Kansas Charley is a historical and psycho-social review of the case of Charley Miller, born in 1874 and orphaned by the age of 6. He moved from foster home to foster home, suffered both mental and physical abuse, and then finally went off on his own to tramp penniless across the country. In September 1890, at the age of 15, while stowing away on a Union Pacific freight train, he met two financially solvent boys -- Waldo Emerson and Ross Fishbaugh -- who had been tramping for adventure. Miller shot them both in the head and robbed them while they were sleeping.
The murder made national news. Miller successfully fled the murder scene and investigators had few clues, but he was so overwrought with guilt that he turned himself in and confessed to the crime. After a national debate about his fate and numerous court appeals, Miller was hanged in 1892 in Cheyenne, Wyo. -- at the age of 17.
The case before the Supreme Court, Roper v. Simmons, has some elements that are similar to Charley Miller's. Christopher Simmons, like Miller, was repeatedly beaten and abused as a child, and his crime was horrific. At the age of 17, he was charged with the murder of Shirley Crook, whose body was found in the Meramec River in Missouri on Sept. 9, 1993. Crook had been bound with cable, straps and duct tape and tossed alive into the river, where she drowned.
The lower Missouri courts found Simmons guilty and sentenced him to death. In 2002 the Supreme Court of Missouri denied the death penalty for Simmons, explaining that execution would violate his 8th and 14th Amendment rights. Roper v. Simmons will test Stanford v. Kentucky, the 1989 decision that allowed execution of 16- and 17-year-olds.
Fifteen years after Stanford v. Kentucky, the world has changed, explained Brumberg, pointing out that most other countries reject the idea of executing people for crimes they committed as minors. In the Simmons case, 48 nations, including the United Kingdom, France, Germany, Russia and Canada, have submitted an amicus curiae brief to the U.S. Supreme Court, suggesting that executing someone under age 18 violates human rights norms and the minimal standards set by the United Nations. "The juvenile death penalty violates international standards of decency even among autocratic regimes like Saudia Arabia, Nigeria, Iran and the Congo," she said.
In the afterword of Kansas Charley, Brumberg addresses the scientific and medical causes for violent behavior, including the possibility that there may be a biological cause. However, she is quick to say that any biological propensity to violence is probably activated by environmental stressors, such as family dysfunction, poverty and abuse.

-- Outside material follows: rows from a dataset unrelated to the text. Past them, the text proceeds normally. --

lemma integral_picard_iterate_tendsto:
  assumes t: "t \<ge> 0"
  shows "(\<lambda>n. integral {0..t} (\<lambda>s. f s (picard_iterate f x0 n s)))
    \<longlonglongrightarrow> integral {0..t} (\<lambda>s. f s (picard_limit f x0 s))"
proof (rule LIMSEQ_I)
  let ?p = "picard_iterate f x0" and ?Y = "picard_limit f x0"
  fix e :: real assume "e > 0"
  define e' where "e' = e / (L * (t + 1))"
  have "e' > 0" using \<open>e > 0\<close> L_pos t by (simp add: e'_def)
  obtain n0 where n0: "\<And>n. n \<ge> n0 \<Longrightarrow> \<forall>s\<in>{0..t}. dist (?p n s) (?Y s) < e'"
    using uniform_limitD[OF picard_iterate_uniform_limit[OF t] \<open>e' > 0\<close>] by (auto simp: eventually_sequentially)
  have "norm (integral {0..t} (\<lambda>s. f s (?p n s)) - integral {0..t} (\<lambda>s. f s (?Y s))) < e"
    if "n \<ge> n0" for n
  proof -
    have cont: "continuous_on {0..t} (\<lambda>s. f s (?p n s))" "continuous_on {0..t} (\<lambda>s. f s (?Y s))"
      by (intro continuous_on_compose_rhs continuous_on_picard_iterate continuous_on_picard_limit t)+
    have "integral {0..t} (\<lambda>s. f s (?p n s)) - integral {0..t} (\<lambda>s. f s (?Y s))
        = integral {0..t} (\<lambda>s. f s (?p n s) - f s (?Y s))"
      by (rule integral_diff[symmetric]) (intro integrable_continuous_interval cont)+
    also have "norm \<dots> \<le> (L * e') * (t - 0)"
    proof (rule integral_bound)
      fix s assume "s \<in> {0..t}"
      have "norm (f s (?p n s) - f s (?Y s)) \<le> L * norm (?p n s - ?Y s)" by (rule f_lipschitz)
      also have "\<dots> \<le> L * e'"
        using n0[OF that] \<open>s \<in> {0..t}\<close> L_pos by (auto simp: dist_norm intro!: mult_left_mono less_imp_le)
      finally show "norm (f s (?p n s) - f s (?Y s)) \<le> L * e'" .
    qed (use t cont in \<open>auto intro: continuous_on_diff\<close>)
    also have "\<dots> = e * (t / (t + 1))" using L_pos t by (simp add: e'_def)
    also have "\<dots> < e" using mult_strict_left_mono[of "t / (t + 1)" 1 e] \<open>e > 0\<close> t by simp
    finally show ?thesis .
  qed
  then show "\<exists>n0. \<forall>n\<ge>n0. norm (integral {0..t} (\<lambda>s. f s (?p n s)) - integral {0..t} (\<lambda>s. f s (?Y s))) < e"
    by blast
qed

Beyond the science, Brumberg points to modern death-row statistics as well. Between 1973 and 2002, the United States executed more minors than all the other countries in the world combined. She said: "In the eyes of the international community, the United States now stands out for its backwardness rather than its humanity. After a century of struggling with this issue, it is time for Americans to outlaw this barbaric practice. History shows that we pick on boys with the least resources and that these cases most often become political footballs."